Conrad Veidt plays a charismatic preacher with miraculous powers who arrives in a village during a storm of biblical proportions to spread the word about the promises of the Holy Land. His preaching creates a rift in the village, turning parents and children, men and wives, and brothers and sisters against one another. Veidt excels in a scene where he recounts his divine experience of a Titanic-like shipwreck incident for the stunned villagers, many of whom are determined to follow him on the long and arduous journey. Unjustly neglected in cinema history, Gustaf Molander’s Ingmarsarvet, starring also Lars Hanson – is an adaptation of the first part of Nobel laureate Selma Lagerlöf’s Jerusalem novels and is on par with the more famous classics from the late 1910s and early 1920s. The screening in Bologna is the premiere of the digital restoration of the film, completed in early June 2024.
Ingmarsarvet |
Do you want to see Victor Sjöström in an Ordet, made twelve years before Carl Th. Dreyer's version? It's playing on Monday, June 24, at 18:15.
Whilst many have seen Dreyer’s adaptation of the play Ordet by Danish playwright, priest and partisan Kaj Munk, the version made by Gustaf Molander twelve years earlier is much less known. In the Swedish version, the drama of faith, non-belief and miracle has a tense, dramatic atmosphere and the visual imagery at times evokes that of silent cinema.

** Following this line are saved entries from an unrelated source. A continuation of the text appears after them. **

(* Let $L$ be a finite graded lattice of rank $n$ with an $S_n$ EL-labeling, let $\mathfrak m$ be a maximal chain of $L$, and let $\mathfrak m'\in\mathcal{M}_{\mathfrak m}$. Then $Q_{\mathfrak m'}=L_{\mathfrak m'}$.
   Context: An $S_n$ EL-labeling: edge-labeling of covering pairs such that each interval has exactly one maximal chain with weakly increasing labels (bottom to top), lexicographically smallest among its maximal chains, and labels along each maximal chain form a permutation of $[n]$. $\mathfrak m_0$ denotes the unique maximal chain of $L$ whose labels are $1,2,\dots,n$ (the identity permutation). For a maximal chain $\mathfrak c$, $L_{\mathfrak c}$ is the sublattice of $L$ generated by $\mathfrak m_0$ and $\mathfrak c$. $U_i(\mathfrak c)$ ($i\in[n-1]$) is the unique maximal chain agreeing with $\mathfrak c$ except possibly at rank $i$ whose labels have no descent at position $i$. $\mathcal{M}_{\mathfrak c}$ is the set of all chains $U_{i_1}\cdots U_{i_r}(\mathfrak c)$ over all finite sequences (including empty), and $Q_{\mathfrak c}$ is the subposet of $L$ consisting of all elements lying on some chain in $\mathcal{M}_{\mathfrak c}$. *)

theory Defs
  imports Main "HOL-Library.Multiset"
begin

definition covers :: "'a::order \<Rightarrow> 'a \<Rightarrow> bool" where
  "covers x y \<longleftrightarrow> x < y \<and> \<not> (\<exists>z. x < z \<and> z < y)"

definition sat_chain :: "'a::order \<Rightarrow> 'a \<Rightarrow> 'a list \<Rightarrow> bool" where
  "sat_chain x y cs \<longleftrightarrow> cs \<noteq> [] \<and> hd cs = x \<and> last cs = y \<and>
     (\<forall>j. Suc j < length cs \<longrightarrow> covers (cs ! j) (cs ! Suc j))"

definition maxchain :: "'a::bounded_lattice list \<Rightarrow> bool" where
  "maxchain cs \<longleftrightarrow> sat_chain bot top cs"

definition graded_rank :: "('a::bounded_lattice) itself \<Rightarrow> nat \<Rightarrow> bool" where
  "graded_rank _ n \<longleftrightarrow> (\<forall>cs::'a list. maxchain cs \<longrightarrow> length cs = Suc n)"

definition labels :: "('a \<Rightarrow> 'a \<Rightarrow> nat) \<Rightarrow> 'a list \<Rightarrow> nat list" where
  "labels lam cs = map (\<lambda>j. lam (cs ! j) (cs ! Suc j)) [0..<length cs - 1]"

definition EL_labeling :: "('a::order \<Rightarrow> 'a \<Rightarrow> nat) \<Rightarrow> bool" where
  "EL_labeling lam \<longleftrightarrow> (\<forall>x y. x \<le> y \<longrightarrow>
     (\<exists>!cs. sat_chain x y cs \<and> sorted (labels lam cs)) \<and>
     (\<forall>cs cs'. sat_chain x y cs \<and> sorted (labels lam cs) \<and> sat_chain x y cs' \<longrightarrow>
        lexordp_eq (labels lam cs) (labels lam cs')))"

definition Sn_EL_labeling :: "nat \<Rightarrow> ('a::bounded_lattice \<Rightarrow> 'a \<Rightarrow> nat) \<Rightarrow> bool" where
  "Sn_EL_labeling n lam \<longleftrightarrow> EL_labeling lam \<and>
     (\<forall>cs. maxchain cs \<longrightarrow> mset (labels lam cs) = mset [1..<Suc n])"

definition m0 :: "nat \<Rightarrow> ('a::bounded_lattice \<Rightarrow> 'a \<Rightarrow> nat) \<Rightarrow> 'a list" where
  "m0 n lam = (THE cs. maxchain cs \<and> labels lam cs = [1..<Suc n])"

text \<open>U_i(c): the maximal chain agreeing with c except possibly at rank i, with no
  descent at position i (i.e. label_i \<le> label_{i+1}; label_k = labels ! (k-1)).\<close>
definition Uop :: "('a::bounded_lattice \<Rightarrow> 'a \<Rightarrow> nat) \<Rightarrow> nat \<Rightarrow> 'a list \<Rightarrow> 'a list" where
  "Uop lam i c = (THE c'. maxchain c' \<and> length c' = length c \<and>
      (\<forall>j<length c. j \<noteq> i \<longrightarrow> c' ! j = c ! j) \<and>
      labels lam c' ! (i - 1) \<le> labels lam c' ! i)"

inductive_set Mset :: "('a::bounded_lattice \<Rightarrow> 'a \<Rightarrow> nat) \<Rightarrow> 'a list \<Rightarrow> 'a list set"
  for lam :: "'a \<Rightarrow> 'a \<Rightarrow> nat" and c :: "'a list" where
  base: "c \<in> Mset lam c"
| step: "d \<in> Mset lam c \<Longrightarrow> 1 \<le> i \<Longrightarrow> i < length d - 1 \<Longrightarrow> Uop lam i d \<in> Mset lam c"

definition Qset :: "('a::bounded_lattice \<Rightarrow> 'a \<Rightarrow> nat) \<Rightarrow> 'a list \<Rightarrow> 'a set" where
  "Qset lam c = (\<Union>d\<in>Mset lam c. set d)"

inductive_set gen_sublattice :: "'a::lattice set \<Rightarrow> 'a set" for S :: "'a set" where
  gen: "x \<in> S \<Longrightarrow> x \<in> gen_sublattice S"
| meet: "x \<in> gen_sublattice S \<Longrightarrow> y \<in> gen_sublattice S \<Longrightarrow> inf x y \<in> gen_sublattice S"
| join: "x \<in> gen_sublattice S \<Longrightarrow> y \<in> gen_sublattice S \<Longrightarrow> sup x y \<in> gen_sublattice S"

definition Lsub :: "nat \<Rightarrow> ('a::bounded_lattice \<Rightarrow> 'a \<Rightarrow> nat) \<Rightarrow> 'a list \<Rightarrow> 'a set" where
  "Lsub n lam c = gen_sublattice (set (m0 n lam) \<union> set c)"

end

theory Submission
  imports Defs
begin

text \<open>Write \<open>S(y)\<close> for the set of labels on a chain from \<open>\<bottom>\<close> to \<open>y\<close>. Since the labels
  of every maximal chain form a permutation of \<open>{1..n}\<close>, it does not depend on the chain
  and grows by one label along each cover. For the chain \<open>x\<^sub>0 < \<dots> < x\<^sub>n\<close> with labels
  \<open>1, \<dots>, n\<close>, uniqueness of increasing chains gives \<open>x\<^sub>k \<le> y\<close> iff \<open>{1..k} \<subseteq> S(y)\<close>,
  whence \<open>S(y \<squnion> x\<^sub>k) = S(y) \<union> {1..k}\<close> and \<open>S(y \<sqinter> x\<^sub>k) = S(y) \<inter> {1..k}\<close>.

  Fix a maximal chain \<open>c\<close> and order \<open>{1..n}\<close> by \<open>a \<lhd> b\<close> iff \<open>a < b\<close> and \<open>a\<close> comes before
  \<open>b\<close> among the labels of \<open>c\<close>. For an order ideal \<open>I\<close> let \<open>\<phi>(I)\<close> be the join over
  \<open>b \<in> I\<close> of \<open>c\<^sub>e \<sqinter> x\<^sub>b\<close>, where \<open>c\<^sub>e\<close> is the first element of \<open>c\<close> whose label set
  contains \<open>b\<close>. Then \<open>S(\<phi>(I)) = I\<close>, so \<open>\<phi>\<close> preserves joins and meets; as the elements of
  \<open>c\<close> and of \<open>m\<^sub>0\<close> are values of \<open>\<phi>\<close>, the sublattice \<open>L\<^sub>c\<close> is the image of \<open>\<phi>\<close>.

  At a descent \<open>b > a\<close>, \<open>U\<^sub>i\<close> replaces the element with label set \<open>J \<union> {b}\<close> by the
  one with label set \<open>J \<union> {a}\<close>, which is again \<open>\<phi>\<close> of an ideal; hence \<open>Q\<^sub>c \<subseteq> L\<^sub>c\<close>.
  Conversely, unless the element of rank \<open>|I|\<close> of a chain in \<open>M\<^sub>c\<close> has label set \<open>I\<close>,
  some label outside \<open>I\<close> directly precedes one in \<open>I\<close>, and swapping them by \<open>U\<^sub>i\<close> strictly
  lowers the number of labels outside \<open>I\<close> counted along the chain; so every \<open>\<phi>(I)\<close> lies
  in \<open>Q\<^sub>c\<close>.
  Every chain of \<open>M\<^sub>m\<close> is maximal, so this applies to \<open>c = m'\<close>.\<close>

section \<open>Saturated chains\<close>

lemma labels_Nil [simp]: "labels lam [] = []"
  and labels_singleton [simp]: "labels lam [a] = []"
  by (simp_all add: labels_def)

lemma labels_Cons_Cons [simp]: "labels lam (a # b # cs) = lam a b # labels lam (b # cs)"
  unfolding labels_def by (simp add: upt_conv_Cons map_Suc_upt[symmetric] del: upt_Suc)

Victor Sjöström is magnificent in the role of the ageing patriarch (his best in performance in a sound film prior to Wild Strawberries) clenching his fists to the sky in the manner of his character in Terje Vigen, as he witnesses his son Johannes becoming more and more a recluse from the world. Molander had never read the play, nor had he seen it on stage, when Sjöström – then head of artistic production at Svensk Filmindustri – offered him to direct the film. Kaj Munk never got to see the film; it was released in December 1943, just eight days before he was killed by the Gestapo. The 35mm print which will be screened in Bologna was struck directly off the camera negative, and gives full justice to the cinematography of Åke Dahlquist.
And there'll be many more discoveries in the Molander programme, including rare footage from Jerusalem in the 1920s, a young Harriet Andersson in her first major role, comedienne Eva Dahlbeck in a pre-Ingmar Bergman role, a Swedish noir from the 1940s, and an early sound film about Russian military entering into a neighbouring country!
See you at Sala Scorsese!
Hi Ehsan, I would like to know if the movies “Ordet” and “A woman's face” will also have reruns. I will be at CR from June 25-30 and I am very interested in these two Molander movies. I look forward to your feedback. Thank you very much
ReplyDeleteVery unlikely, I'm afraid.